Since we are using Paxos to agree on view changes, the instance numbers in our
use of Paxos are the same as the view numbers in the config module.
Paxos can't guarantee that
every node learns the chosen value right away; some of them may be partitioned
or crashed. Therefore, some nodes may be behind, stuck in an old instance of
Paxos while the rest of the system has moved on to a new instance. If a node
gets an RPC request for an old instance, it should ignore the request. A
special RPC response (set oldinstance to true) can inform the
caller that it is behind and tell it what value was chosen for that instance.
Below is the pseudocode for
Paxos. The paxos skeleton class and protocol
contain member variables, RPCs, and RPC handlers corresponding to this code.
Except for the additions to handle instances as described above, it mirrors the
protocol described in the paper.
state:
n_a, v_a: highest proposal # and its corresponding value this node has accepted
n_h: highest proposal # seen in a prepare
my_n: the last proposal # the node has used in this round of Paxos
instance_h: highest instance we have accepted
values: a map of past instances to values
stable: "false" when running Paxos, "true" when this instance completes
on each view change, initialize state
n_a = 0
n_h = 0
my_n = 0
v_a = () // empty list
run_paxos(nodes, value)
stable = false
c_nodes = nodes;
c_value = value;
proceed to Paxos Phase 1
Paxos Phase 1
a node (or perhaps several nodes) decide to be leader (i.e. manager)
instance = instance_h+1
my_n = max(n_h, my_n)+1, append node ID // unique proposal number
sends prepare(instance, my_n) to all nodes in c_nodes
if node receives prepare(instance, n):
if instance <= instance_h:
return oldinstance(instance, values[instance])
else if n > n_h:
n_h = n
loghigh(n_h);
return prepareres(n_a, v_a)
else:
return reject()
Paxos Phase 2
if leader gets oldinstance(instance, v):
values[instance] = v
instance_h = instance
stable = true;
paxos_commit(instance, v); // this instance is done.

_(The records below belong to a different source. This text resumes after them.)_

(* Let $T:\mathrm{PSym}(3)\to\mathrm{Sym}(3)$ be continuous and isotropic (i.e. $T(Q^TUQ)=Q^TT(U)Q$ for all $Q\in\mathrm O(3)$, $U\in\mathrm{PSym}(3)$), such that $T(U)=0$ holds if and only if $U=\mathbb 1$, and such that $T(U_1U_2)=T(U_1)+T(U_2)$ for all commuting $U_1,U_2\in\mathrm{PSym}(3)$. Then there exist constants $G,\Lambda\in\mathbb R$ with $G\neq0$ and $3\Lambda+2G\neq0$ such that $$T(U)=2G\,\log U+\Lambda\,\mathrm{tr}(\log U)\,\mathbb 1\quad\text{for all }U\in\mathrm{PSym}(3),$$ equivalently constants $G,K\in\mathbb R\setminus\{0\}$ with $T(U)=2G\,\mathrm{dev}_3\log U+K\,\mathrm{tr}(\log U)\,\mathbb 1$.
   Context: $\mathrm{Sym}(3)$: real symmetric $3\times3$ matrices; $\mathrm{PSym}(3)$: symmetric positive definite ones; $\mathbb 1$: identity; $\mathrm O(3)$: orthogonal group; $\log$: principal matrix logarithm $\mathrm{PSym}(3)\to\mathrm{Sym}(3)$; $\mathrm{dev}_3X=X-\tfrac13\mathrm{tr}(X)\mathbb 1$. *)

theory Defs
  imports "HOL-Analysis.Analysis"
begin

type_synonym mat3 = "real^3^3"

definition Sym3 :: "mat3 set" where
  "Sym3 = {A. transpose A = A}"

definition PSym3 :: "mat3 set" where
  "PSym3 = {A. transpose A = A \<and> (\<forall>x::real^3. x \<noteq> 0 \<longrightarrow> x \<bullet> (A *v x) > 0)}"

fun mpow :: "mat3 \<Rightarrow> nat \<Rightarrow> mat3" where
  "mpow A 0 = mat 1"
| "mpow A (Suc k) = A ** mpow A k"

definition mexp :: "mat3 \<Rightarrow> mat3" where
  "mexp A = (\<Sum>k. (1 / fact k) *\<^sub>R mpow A k)"

definition mlog :: "mat3 \<Rightarrow> mat3" where
  "mlog U = (THE X. X \<in> Sym3 \<and> mexp X = U)"

definition dev3 :: "mat3 \<Rightarrow> mat3" where
  "dev3 X = X - (trace X / 3) *\<^sub>R mat 1"

end

theory Submission
  imports Defs
begin
lemma dyadic_index_less: "dyadic_generic N x \<Longrightarrow> dyadic_index N x < 2^N"
proof -
  assume g: "dyadic_generic N x"
  then have "(2::real)^N * x < of_int (2^N)" unfolding dyadic_generic_def by simp
  then have a: "\<lfloor>(2::real)^N * x\<rfloor> < 2^N" by (simp only: floor_less_iff)
  have b: "0 \<le> \<lfloor>(2::real)^N * x\<rfloor>" using g unfolding dyadic_generic_def by simp
  show ?thesis unfolding dyadic_index_def using a b by (simp add: nat_less_iff)
qed

lemma mem_dyadic_box_iff:
  assumes "t \<in> space (unit_cube m)" "\<forall>k\<in>{1..m}. dyadic_generic N (t k)" "\<kappa> \<in> dyadic_labels N m"
  shows "t \<in> dyadic_box N m \<kappa> \<longleftrightarrow> \<kappa> = restrict (\<lambda>k. dyadic_index N (t k)) {1..m}"
proof -
  have ext: "t \<in> extensional {1..m}" using assms(1) unfolding space_unit_cube by (auto simp: PiE_def)
  have kext: "\<kappa> \<in> extensional {1..m}" using assms(3) unfolding dyadic_labels_def by (auto simp: PiE_def)
  have one: "(real (\<kappa> k) / 2^N \<le> t k \<and> t k < (real (\<kappa> k) + 1) / 2^N) \<longleftrightarrow> \<kappa> k = dyadic_index N (t k)"
    if k: "k \<in> {1..m}" for k
  proof -
    have t0: "0 \<le> t k" using assms(2) k unfolding dyadic_generic_def by auto
    have "(real (\<kappa> k) / 2^N \<le> t k \<and> t k < (real (\<kappa> k) + 1) / 2^N) \<longleftrightarrow>
          (of_int (int (\<kappa> k)) \<le> 2^N * t k \<and> 2^N * t k < of_int (int (\<kappa> k)) + 1)"
      by (simp add: field_simps)
    also have "\<dots> \<longleftrightarrow> \<lfloor>2^N * t k\<rfloor> = int (\<kappa> k)" by (simp add: floor_eq_iff)
    also have "\<dots> \<longleftrightarrow> \<kappa> k = dyadic_index N (t k)" unfolding dyadic_index_def using t0 by auto
    finally show ?thesis .
  qed
  have "t \<in> dyadic_box N m \<kappa> \<longleftrightarrow> (\<forall>k\<in>{1..m}. real (\<kappa> k) / 2^N \<le> t k \<and> t k < (real (\<kappa> k) + 1) / 2^N)"
    unfolding dyadic_box_def using ext by (auto simp: PiE_def Pi_def)
  also have "\<dots> \<longleftrightarrow> (\<forall>k\<in>{1..m}. \<kappa> k = dyadic_index N (t k))" using one by auto
  also have "\<dots> \<longleftrightarrow> \<kappa> = restrict (\<lambda>k. dyadic_index N (t k)) {1..m}"
    using kext by (auto simp: restrict_def extensional_def fun_eq_iff)
  finally show ?thesis .
qed

lemma dyadic_index_in_labels: "\<forall>k\<in>{1..m}. dyadic_generic N (t k) \<Longrightarrow> restrict (\<lambda>k. dyadic_index N (t k)) {1..m} \<in> dyadic_labels N m"
  unfolding dyadic_labels_def using dyadic_index_less by auto

lemma dyadic_step_function_eq:
  fixes c :: "(nat \<Rightarrow> nat) \<Rightarrow> real"
  assumes "t \<in> space (unit_cube m)" "\<forall>k\<in>{1..m}. dyadic_generic N (t k)"
  shows "(\<Sum>\<kappa>\<in>dyadic_labels N m. c \<kappa> * indicator (dyadic_box N m \<kappa>) t) = c (restrict (\<lambda>k. dyadic_index N (t k)) {1..m})"
proof -
  have "(\<Sum>\<kappa>\<in>dyadic_labels N m. c \<kappa> * indicator (dyadic_box N m \<kappa>) t)
      = (\<Sum>\<kappa>\<in>dyadic_labels N m. if \<kappa> = restrict (\<lambda>k. dyadic_index N (t k)) {1..m} then c \<kappa> else 0)"
    using mem_dyadic_box_iff[OF assms] by (intro sum.cong refl) (auto simp: indicator_def)
  also have "\<dots> = c (restrict (\<lambda>k. dyadic_index N (t k)) {1..m})"
    using dyadic_index_in_labels[OF assms(2)] finite_dyadic_labels by (simp add: sum.delta')
  finally show ?thesis .
qed

lemma digit_set_restrict: "digit_set N m (restrict \<kappa> {1..m}) = digit_set N m \<kappa>"
  unfolding digit_set_def by auto

lemma bij_betw_digit_set: "bij_betw (digit_set N m) (dyadic_labels N m) (Pow ({1..m} \<times> {1..N}))"
proof -
  have inj: "inj_on (digit_set N m) (dyadic_labels N m)"
  proof (rule inj_onI)
    fix \<kappa> \<kappa>' assume k: "\<kappa> \<in> dyadic_labels N m" "\<kappa>' \<in> dyadic_labels N m" and eq: "digit_set N m \<kappa> = digit_set N m \<kappa>'"
    show "\<kappa> = \<kappa>'"
    proof (rule PiE_ext[OF k[unfolded dyadic_labels_def]])
      fix k assume kk: "k \<in> {1..m}"
      show "\<kappa> k = \<kappa>' k"
      proof (rule eq_if_binary_digits_eq[of _ N])
        show "\<kappa> k < 2^N" "\<kappa>' k < 2^N" using k kk by (auto simp: dyadic_labels_def)
        show "\<forall>j<N. odd (\<kappa> k div 2^j) = odd (\<kappa>' k div 2^j)"
        proof (intro allI impI)
          fix j assume j: "j < N"
          have "(k, N - j) \<in> digit_set N m \<kappa> \<longleftrightarrow> (k, N - j) \<in> digit_set N m \<kappa>'" using eq by simp
          moreover have "N - (N - j) = j" using j by simp
          ultimately show "odd (\<kappa> k div 2^j) = odd (\<kappa>' k div 2^j)" using kk j unfolding digit_set_def by auto
        qed
      qed
    qed
  qed
  have sub: "digit_set N m ` dyadic_labels N m \<subseteq> Pow ({1..m} \<times> {1..N})" unfolding digit_set_def by auto
  have "card (digit_set N m ` dyadic_labels N m) = card (dyadic_labels N m)" by (rule card_image[OF inj])
  also have "\<dots> = (2^N)^m" unfolding dyadic_labels_def by (simp add: card_PiE)
  also have "\<dots> = card (Pow ({1..m} \<times> {1..N}))" by (simp add: card_Pow card_cartesian_product power_mult[symmetric] mult.commute)
  finally have "digit_set N m ` dyadic_labels N m = Pow ({1..m} \<times> {1..N})"
    by (intro card_subset_eq sub) auto
  then show ?thesis using inj unfolding bij_betw_def by simp
qed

else if leader gets reject():
delay and restart paxos
else if leader gets prepareres from majority of nodes in c_nodes:
if any prepareres(n_i, v_i) exists such that v_i is not empty:
v = non-empty value v_i corresponding to highest n_i received
else leader gets to choose a value:
v = c_v;
send accept(instance_h+1, my_n, v) to all responders
else:
stable = true;
paxos_abort(); // this instance is done; app should recover
if node gets accept(instance, n, v):
if instance <= instance_h:
return oldinstance(instance, values[instance])
else if n >= n_h:
n_a = n
v_a = v
logproposal(instance, n, v)
return acceptres()
else
return reject()
Paxos Phase 3
if leader gets acceptres from a majority of c_nodes
values[instance] = v;
logvalue(instance, v)
stable = true;
paxos_commit(); // let invoker know we are done
send decide(instance_h, v) to acceptors
else:
stable = true;
paxos_abort();
if node gets decide(instance, v):
if instance <= instance_h:
ignore the message // or reply with oldinstance, but it won't matter
else:
values[instance] = v
instance_h = instance
logvalue(instance, v)
For a given instance of
Paxos, potentially many nodes can make proposals, and each of these proposals
has a unique proposal number. When comparing different proposals, the highest
proposal number wins. To ensure that each proposal number is unique, each
proposal consists of a number and the node's identifier. We provide you with a
struct prop_t in paxos_protocol.h that you should use for
proposal numbers; we also provide the > and >= operators for the class.
At any time a node can
decide it wants to start a view change, and start Paxos off. If nothing goes
wrong, and there are no concurrent proposals for the next view, Paxos clearly
reaches agreement. However, many nodes can become leaders at the same time,
creating conflicts that prevent an agreement from being reached. Thus, we would
like to ensure with good probability that there is only one leader at a time.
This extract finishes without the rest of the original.